WHAT NEEDS TO BE DONE: The answer is to be an exact copy of the lines below running from the line with "z))) \<partial>lborel) = (\<integral>\<^sup>+x." down to the line with "(auto simp: abs_mult", both ends included, and nothing more.

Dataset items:
BEGIN

(* Assume (A1)–(A3) below. For any positive definite $L\times L$ matrix $W$, the GMM estimator $\hat\beta_W$ satisfies $\hat\beta_W\xrightarrow{p}\beta^*(W)$, where $$\beta^*(W)=\sum_{\ell=1}^L\lambda_\ell(W)\,\mathrm{Wald}_\ell,\qquad \lambda_\ell(W)=\frac{\gamma_\ell\,[W\boldsymbol\gamma]_\ell}{\boldsymbol\gamma'W\boldsymbol\gamma},$$ and $\sum_{\ell=1}^L\lambda_\ell(W)=1$.
   Context: We observe an i.i.d. sample $\{(Y_i,D_i,Z_{1i},\dots,Z_{Li})\}_{i=1}^n$ with $Y_i\in\mathbb R$, $D_i\in\{0,1\}$, $Z_{\ell i}\in\{0,1\}$, $L\ge2$; $\mathbf Z_i=(Z_{1i},\dots,Z_{Li})'$. Units have potential outcomes $Y_i(0),Y_i(1)$ and a compliance type $D_i(\cdot):\{0,1\}^L\to\{0,1\}$, with $D_i=D_i(\mathbf Z_i)$, $Y_i=D_iY_i(1)+(1-D_i)Y_i(0)$. $p_\ell=P(Z_{\ell i}=1)$, $\pi_\ell=\mathbb E[D_i\mid Z_{\ell i}=1]-\mathbb E[D_i\mid Z_{\ell i}=0]$, $\rho_\ell=\mathbb E[Y_i\mid Z_{\ell i}=1]-\mathbb E[Y_i\mid Z_{\ell i}=0]$, $\mathrm{Wald}_\ell=\rho_\ell/\pi_\ell$, $\gamma_\ell=\mathrm{Cov}(D_i,Z_{\ell i})=\pi_\ell p_\ell(1-p_\ell)$, $\boldsymbol\gamma=(\gamma_1,\dots,\gamma_L)'$, $\Sigma_Z=\mathrm{Var}(\mathbf Z_i)$. With $\hat p_\ell=n^{-1}\sum_iZ_{\ell i}$ and $g_{n,\ell}(\beta)=n^{-1}\sum_i(Y_i-\beta D_i)(Z_{\ell i}-\hat p_\ell)$, $g_n=(g_{n,1},\dots,g_{n,L})'$, the GMM estimator is $\hat\beta_W=\arg\min_\beta g_n(\beta)'Wg_n(\beta)$. Assumptions: (A1) $(Y_i(0),Y_i(1),D_i(\cdot))$ independent of $\mathbf Z_i$. (A2) $D_i(z)$ nondecreasing in each coordinate for every $i$. (A3) $p_\ell>0$, $\pi_\ell>0$ for all $\ell$; $\Sigma_Z$ positive definite. *)

theory Defs
  imports "HOL-Probability.Probability"
begin

text \<open>Instrument vectors z in {0,1}^L are encoded as predicates on nat that are
  False outside the index range 0..L-1 (coordinate l-1 of the paper is index l here).\<close>
definition zspace :: "nat \<Rightarrow> (nat \<Rightarrow> bool) set" where
  "zspace L = {z. \<forall>l\<ge>L. \<not> z l}"

text \<open>Measurable space of one unit: ((Y(0),Y(1)), compliance type D(.), instrument vector Z).\<close>
definition unit_space ::
  "((real \<times> real) \<times> ((nat \<Rightarrow> bool) \<Rightarrow> bool) \<times> (nat \<Rightarrow> bool)) measure" where
  "unit_space = (borel \<Otimes>\<^sub>M borel) \<Otimes>\<^sub>M (count_space UNIV \<Otimes>\<^sub>M count_space UNIV)"

definition unit_var ::
  "(nat \<Rightarrow> 'a \<Rightarrow> real) \<Rightarrow> (nat \<Rightarrow> 'a \<Rightarrow> real) \<Rightarrow> (nat \<Rightarrow> 'a \<Rightarrow> (nat \<Rightarrow> bool) \<Rightarrow> bool)
    \<Rightarrow> (nat \<Rightarrow> 'a \<Rightarrow> nat \<Rightarrow> bool) \<Rightarrow> nat \<Rightarrow> 'a
    \<Rightarrow> (real \<times> real) \<times> ((nat \<Rightarrow> bool) \<Rightarrow> bool) \<times> (nat \<Rightarrow> bool)" where
  "unit_var Y0 Y1 Dt Z i \<omega> = ((Y0 i \<omega>, Y1 i \<omega>), Dt i \<omega>, Z i \<omega>)"

definition Dobs :: "(nat \<Rightarrow> 'a \<Rightarrow> (nat \<Rightarrow> bool) \<Rightarrow> bool) \<Rightarrow> (nat \<Rightarrow> 'a \<Rightarrow> nat \<Rightarrow> bool)
    \<Rightarrow> nat \<Rightarrow> 'a \<Rightarrow> real" where
  "Dobs Dt Z i \<omega> = (if Dt i \<omega> (Z i \<omega>) then 1 else 0)"

definition Yobs :: "(nat \<Rightarrow> 'a \<Rightarrow> real) \<Rightarrow> (nat \<Rightarrow> 'a \<Rightarrow> real)
    \<Rightarrow> (nat \<Rightarrow> 'a \<Rightarrow> (nat \<Rightarrow> bool) \<Rightarrow> bool) \<Rightarrow> (nat \<Rightarrow> 'a \<Rightarrow> nat \<Rightarrow> bool)
    \<Rightarrow> nat \<Rightarrow> 'a \<Rightarrow> real" where
  "Yobs Y0 Y1 Dt Z i \<omega> = Dobs Dt Z i \<omega> * Y1 i \<omega> + (1 - Dobs Dt Z i \<omega>) * Y0 i \<omega>"

definition Zobs :: "(nat \<Rightarrow> 'a \<Rightarrow> nat \<Rightarrow> bool) \<Rightarrow> nat \<Rightarrow> 'a \<Rightarrow> nat \<Rightarrow> real" where
  "Zobs Z i \<omega> l = (if Z i \<omega> l then 1 else 0)"

definition cond_mean :: "'a measure \<Rightarrow> ('a \<Rightarrow> real) \<Rightarrow> 'a set \<Rightarrow> real" where
  "cond_mean M X A = (\<integral>\<omega>. indicator A \<omega> * X \<omega> \<partial>M) / measure M A"

definition pZ :: "'a measure \<Rightarrow> ('a \<Rightarrow> nat \<Rightarrow> real) \<Rightarrow> nat \<Rightarrow> real" where
  "pZ M Zv l = measure M {\<omega> \<in> space M. Zv \<omega> l = 1}"

definition diffZ :: "'a measure \<Rightarrow> ('a \<Rightarrow> real) \<Rightarrow> ('a \<Rightarrow> nat \<Rightarrow> real) \<Rightarrow> nat \<Rightarrow> real" where
  "diffZ M X Zv l = cond_mean M X {\<omega> \<in> space M. Zv \<omega> l = 1}
                   - cond_mean M X {\<omega> \<in> space M. Zv \<omega> l = 0}"

definition piZ :: "'a measure \<Rightarrow> ('a \<Rightarrow> real) \<Rightarrow> ('a \<Rightarrow> nat \<Rightarrow> real) \<Rightarrow> nat \<Rightarrow> real" where
  "piZ M D Zv l = diffZ M D Zv l"

definition rhoZ :: "'a measure \<Rightarrow> ('a \<Rightarrow> real) \<Rightarrow> ('a \<Rightarrow> nat \<Rightarrow> real) \<Rightarrow> nat \<Rightarrow> real" where
  "rhoZ M Y Zv l = diffZ M Y Zv l"

definition wald :: "'a measure \<Rightarrow> ('a \<Rightarrow> real) \<Rightarrow> ('a \<Rightarrow> real) \<Rightarrow> ('a \<Rightarrow> nat \<Rightarrow> real) \<Rightarrow> nat \<Rightarrow> real" where
  "wald M Y D Zv l = rhoZ M Y Zv l / piZ M D Zv l"

definition gammaZ :: "'a measure \<Rightarrow> ('a \<Rightarrow> real) \<Rightarrow> ('a \<Rightarrow> nat \<Rightarrow> real) \<Rightarrow> nat \<Rightarrow> real" where
  "gammaZ M D Zv l = piZ M D Zv l * pZ M Zv l * (1 - pZ M Zv l)"

definition covZ :: "'a measure \<Rightarrow> ('a \<Rightarrow> nat \<Rightarrow> real) \<Rightarrow> nat \<Rightarrow> nat \<Rightarrow> real" where
  "covZ M Zv l m = (\<integral>\<omega>. Zv \<omega> l * Zv \<omega> m \<partial>M) - (\<integral>\<omega>. Zv \<omega> l \<partial>M) * (\<integral>\<omega>. Zv \<omega> m \<partial>M)"

definition posdef :: "nat \<Rightarrow> (nat \<Rightarrow> nat \<Rightarrow> real) \<Rightarrow> bool" where
  "posdef L W \<longleftrightarrow> (\<forall>l<L. \<forall>m<L. W l m = W m l) \<and>
     (\<forall>x::nat \<Rightarrow> real. (\<exists>l<L. x l \<noteq> 0) \<longrightarrow> 0 < (\<Sum>l<L. \<Sum>m<L. x l * W l m * x m))"
(* Let $X$ be a spectrally negative Lévy process, $p\ge0$ and $q\in\mathbb R$ with $p+q\ge0$. Then for all $x\in\mathbb R$, $$\int_0^xW^{(p)}(x-z)\mathcal H^{(p,q)}(z)\,\mathrm dz=\int_0^xe^{\Phi(p)(x-z)}W^{(p+q)}(z)\,\mathrm dz,$$ and consequently, for all $a,x\in\mathbb R$, $$\mathcal H^{(p,q)}(x)-q\int_a^xW^{(p)}(x-y)\mathcal H^{(p,q)}(y)\,\mathrm dy=e^{\Phi(p)x}+q\int_0^aW^{(p)}(x-y)\mathcal H^{(p,q)}(y)\,\mathrm dy.$$
   Context: $X=\{X_t,t\ge0\}$ is a spectrally negative Lévy process (no positive jumps) whose paths are not monotone. Laplace exponent: $\psi(\lambda)=\log\mathbb E_0[e^{\lambda X_1}]$, $\lambda\ge0$; $\Phi(q)=\sup\{\lambda\ge0:\psi(\lambda)=q\}$ for $q\ge0$. For $q\ge0$, the $q$-scale function $W^{(q)}$ is $0$ on $(-\infty,0)$ and on $[0,\infty)$ is the continuous function with $\int_0^\infty e^{-\lambda y}W^{(q)}(y)\,\mathrm dy=1/(\psi(\lambda)-q)$ for $\lambda>\Phi(q)$. For $p\ge0$, $q\in\mathbb R$ with $p+q\ge0$ and $x\in\mathbb R$: $\mathcal H^{(p,q)}(x)=e^{\Phi(p)x}\big[1+q\int_0^xe^{-\Phi(p)z}W^{(p+q)}(z)\,\mathrm dz\big]$. Integrals $\int_u^v$ with $v<u$ are oriented: $\int_u^v=-\int_v^u$. *)

theory Defs
  imports "HOL-Analysis.Analysis"
begin

text \<open>Spectrally negative Levy processes are described through their Levy-Khintchine
  triplet (gamma, sigma, Lm): the Levy measure Lm lives on the negative half-line and
  integrates min 1 (x^2).  The Laplace exponent psi(lambda) = log E[exp(lambda X_1)] is
  then given for lambda >= 0 by the Levy-Khintchine formula below.\<close>

definition levy_measure_sn :: "real measure \<Rightarrow> bool" where
  "levy_measure_sn Lm \<longleftrightarrow> sets Lm = sets borel \<and> emeasure Lm {0..} = 0 \<and>
     integrable Lm (\<lambda>x. min 1 (x^2))"

definition laplace_exp :: "real \<Rightarrow> real \<Rightarrow> real measure \<Rightarrow> real \<Rightarrow> real" where
  "laplace_exp \<gamma> \<sigma> Lm l = \<gamma> * l + \<sigma>^2 / 2 * l^2 +
     integral\<^sup>L Lm (\<lambda>x. exp (l * x) - 1 - l * x * indicator {-1<..} x)"

text \<open>Paths are not monotone: the process is not a pure drift (nondecreasing) and not
  a bounded variation process with non-positive drift (nonincreasing).\<close>
definition sn_not_monotone :: "real \<Rightarrow> real \<Rightarrow> real measure \<Rightarrow> bool" where
  "sn_not_monotone \<gamma> \<sigma> Lm \<longleftrightarrow>
     \<sigma> \<noteq> 0 \<or>
     \<not> integrable Lm (\<lambda>x. \<bar>x\<bar> * indicator {-1<..} x) \<or>
     (\<gamma> + integral\<^sup>L Lm (\<lambda>x. \<bar>x\<bar> * indicator {-1<..} x) > 0 \<and> emeasure Lm UNIV \<noteq> 0)"

definition Phi :: "(real \<Rightarrow> real) \<Rightarrow> real \<Rightarrow> real" where
  "Phi \<psi> q = Sup {l. 0 \<le> l \<and> \<psi> l = q}"

definition is_scale_family :: "(real \<Rightarrow> real) \<Rightarrow> (real \<Rightarrow> real \<Rightarrow> real) \<Rightarrow> bool" where
  "is_scale_family \<psi> W \<longleftrightarrow> (\<forall>q\<ge>0.
     (\<forall>y<0. W q y = 0) \<and> continuous_on {0..} (W q) \<and>
     (\<forall>l>Phi \<psi> q.
        interval_lebesgue_integrable lborel 0 \<infinity> (\<lambda>y. exp (- l * y) * W q y) \<and>
        (LBINT y=0..\<infinity>. exp (- l * y) * W q y) = 1 / (\<psi> l - q)))"

text \<open>Oriented Lebesgue interval integrals (LBINT x=a..b) are used throughout.\<close>
definition HH :: "(real \<Rightarrow> real) \<Rightarrow> (real \<Rightarrow> real \<Rightarrow> real) \<Rightarrow> real \<Rightarrow> real \<Rightarrow> real \<Rightarrow> real" where
  "HH \<psi> W p q x = exp (Phi \<psi> p * x) *
     (1 + q * (LBINT z=ereal 0..ereal x. exp (- Phi \<psi> p * z) * W (p + q) z))"

end

theory Submission
  imports Defs
begin

text \<open>Write H for HH and \<Phi> for Phi \<psi> p. Both sides of the convolution identity are continuous
  on [0, \<infinity>), so by uniqueness of Laplace transforms it suffices to compare their transforms at
  all large l. Since H(x) = e^{\<Phi> x} + q (e^{\<Phi> \<cdot>} * W^{(p+q)})(x) for x \<ge> 0, the convolution
  theorem gives
  L[W^{(p)} * H](l) = (\<psi>(l) - p)^{-1} (l - \<Phi>)^{-1} (1 + q / (\<psi>(l) - p - q))
                    = (l - \<Phi>)^{-1} (\<psi>(l) - p - q)^{-1} = L[e^{\<Phi> \<cdot>} * W^{(p+q)}](l),
  where the middle step needs \<psi>(l) \<noteq> p, p + q: this holds for large l because \<psi>(l) \<rightarrow> \<infinity>
  when the paths are not monotone (a Gaussian part, small jumps of infinite variation, or a
  positive drift each give a linear lower bound). Laplace uniqueness itself follows from the
  Weierstrass approximation theorem after the substitution t = e^{-x}. The second identity is
  the first one for a = 0, rewritten by splitting the integral over [0, x] at a.\<close>

section \<open>Laplace transforms and convolution\<close>

definition laplace_integrable :: "(real \<Rightarrow> real) \<Rightarrow> real \<Rightarrow> bool" where
  "laplace_integrable f l \<longleftrightarrow> set_integrable lborel {0..} (\<lambda>x. exp (- l * x) * f x)"

definition laplace :: "(real \<Rightarrow> real) \<Rightarrow> real \<Rightarrow> real" where
  "laplace f l = (LINT x:{0..}|lborel. exp (- l * x) * f x)"

definition conv :: "(real \<Rightarrow> real) \<Rightarrow> (real \<Rightarrow> real) \<Rightarrow> real \<Rightarrow> real" where
  "conv f g x = (LINT z:{0..x}|lborel. f (x - z) * g z)"

lemma laplace_integrable_cong:
  assumes "\<And>x. 0 \<le> x \<Longrightarrow> f x = g x"
  shows "laplace_integrable f l \<longleftrightarrow> laplace_integrable g l"
  unfolding laplace_integrable_def using assms by (intro set_integrable_cong) auto

lemma laplace_cong:
  assumes "\<And>x. 0 \<le> x \<Longrightarrow> f x = g x"
  shows "laplace f l = laplace g l"
  unfolding laplace_def using assms by (intro set_lebesgue_integral_cong) auto

lemma
  assumes "laplace_integrable f l" "laplace_integrable g l"
  shows laplace_integrable_lincomb: "laplace_integrable (\<lambda>x. f x + c * g x) l"
    and laplace_lincomb: "laplace (\<lambda>x. f x + c * g x) l = laplace f l + c * laplace g l"
proof -
  have eq: "exp (- l * x) * (f x + c * g x) = exp (- l * x) * f x + c * (exp (- l * x) * g x)" for x
    by (simp add: algebra_simps)
  show "laplace_integrable (\<lambda>x. f x + c * g x) l"
    using assms unfolding laplace_integrable_def eq by (intro set_integral_add) auto
  show "laplace (\<lambda>x. f x + c * g x) l = laplace f l + c * laplace g l"
    using assms unfolding laplace_integrable_def laplace_def eq by (subst set_integral_add) auto
qed

lemma set_integrable_lborel_if_lebesgue:
  fixes f :: "real \<Rightarrow> real"
  assumes "f \<in> borel_measurable borel" "S \<in> sets borel" "set_integrable lebesgue S f"
  shows "set_integrable lborel S f"
proof -
  have "(\<lambda>x. indicator S x *\<^sub>R f x) \<in> borel_measurable lborel"
    using assms by measurable
  then show ?thesis
    using assms(3) integrable_completion unfolding set_integrable_def by blast
qed

lemma
  fixes a l :: real
  assumes "a < l"
  shows laplace_integrable_exp: "laplace_integrable (\<lambda>x. exp (a * x)) l"
    and laplace_exp: "laplace (\<lambda>x. exp (a * x)) l = 1 / (l - a)"
proof -
  have eq: "exp (- l * x) * exp (a * x) = exp (- (l - a) * x)" for x
    by (simp add: exp_add[symmetric] algebra_simps)
  have hi: "((\<lambda>x. exp (- (l - a) * x)) has_integral 1 / (l - a)) {0..}"
    using has_integral_exp_minus_to_infinity[of "l - a" 0] assms by simp
  then have "(\<lambda>x. exp (- (l - a) * x)) absolutely_integrable_on {0..}"
    by (intro nonnegative_absolutely_integrable_1) (auto simp: integrable_on_def)
  then have si: "set_integrable lborel {0..} (\<lambda>x. exp (- (l - a) * x))"
    by (intro set_integrable_lborel_if_lebesgue) auto
  then show "laplace_integrable (\<lambda>x. exp (a * x)) l"
    unfolding laplace_integrable_def eq .
  show "laplace (\<lambda>x. exp (a * x)) l = 1 / (l - a)"
    unfolding laplace_def eq using set_borel_integral_eq_integral(2)[OF si] hi integral_unique
    by auto
qed

lemma integrable_lborel_pair_convolution:
  fixes F G :: "real \<Rightarrow> real"
  assumes [measurable]: "F \<in> borel_measurable borel" "G \<in> borel_measurable borel"
    and "integrable lborel F" "integrable lborel G"
  shows "integrable (lborel \<Otimes>\<^sub>M lborel) (\<lambda>(x, z). F (x - z) * G z)"
proof (rule integrableI_bounded)
  have shift: "(\<integral>\<^sup>+x. ennreal (norm (F (x - z))) \<partial>lborel) = (\<integral>\<^sup>+x. ennreal (norm (F x)) \<partial>lborel)" for z
    using nn_integral_real_affine[of "\<lambda>x. ennreal (norm (F x))" 1 "- z"] by simp
  have "(\<integral>\<^sup>+p. ennreal (norm (case p of (x, z) \<Rightarrow> F (x - z) * G z)) \<partial>(lborel \<Otimes>\<^sub>M lborel))
      = (\<integral>\<^sup>+z. (\<integral>\<^sup>+x. ennreal (norm (F (x - z) * G z)) \<partial>lborel) \<partial>lborel)"
    by (subst lborel_pair.nn_integral_snd[symmetric]) auto
  also have "\<dots> = (\<integral>\<^sup>+z. (\<integral>\<^sup>+x. ennreal (norm (F (x - z))) \<partial>lborel) * ennreal (norm (G z)) \<partial>lborel)"
    by (intro nn_integral_cong, subst nn_integral_multc[symmetric])
      (auto simp: abs_mult ennreal_mult intro!: nn_integral_cong)
  also have "\<dots> = (\<integral>\<^sup>+x. ennreal (norm (F x)) \<partial>lborel) * (\<integral>\<^sup>+z. ennreal (norm (G z)) \<partial>lborel)"
    unfolding shift by (subst nn_integral_cmult) auto
  also have "\<dots> < \<infinity>"
    using assms(3,4) unfolding integrable_iff_bounded by (simp add: ennreal_mult_less_top)
  finally show "(\<integral>\<^sup>+p. ennreal (norm (case p of (x, z) \<Rightarrow> F (x - z) * G z)) \<partial>(lborel \<Otimes>\<^sub>M lborel)) < \<infinity>" .
qed simp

END

OUTPUT FOR THIS TASK:
  have shift: "(\<integral>\<^sup>+x. ennreal (norm (F (x - z))) \<partial>lborel) = (\<integral>\<^sup>+x. ennreal (norm (F x)) \<partial>lborel)" for z
    using nn_integral_real_affine[of "\<lambda>x. ennreal (norm (F x))" 1 "- z"] by simp
  have "(\<integral>\<^sup>+p. ennreal (norm (case p of (x, z) \<Rightarrow> F (x - z) * G z)) \<partial>(lborel \<Otimes>\<^sub>M lborel))
      = (\<integral>\<^sup>+z. (\<integral>\<^sup>+x. ennreal (norm (F (x - z) * G z)) \<partial>lborel) \<partial>lborel)"
    by (subst lborel_pair.nn_integral_snd[symmetric]) auto
  also have "\<dots> = (\<integral>\<^sup>+z. (\<integral>\<^sup>+x. ennreal (norm (F (x - z))) \<partial>lborel) * ennreal (norm (G z)) \<partial>lborel)"
    by (intro nn_integral_cong, subst nn_integral_multc[symmetric])
      (auto simp: abs_mult ennreal_mult intro!: nn_integral_cong)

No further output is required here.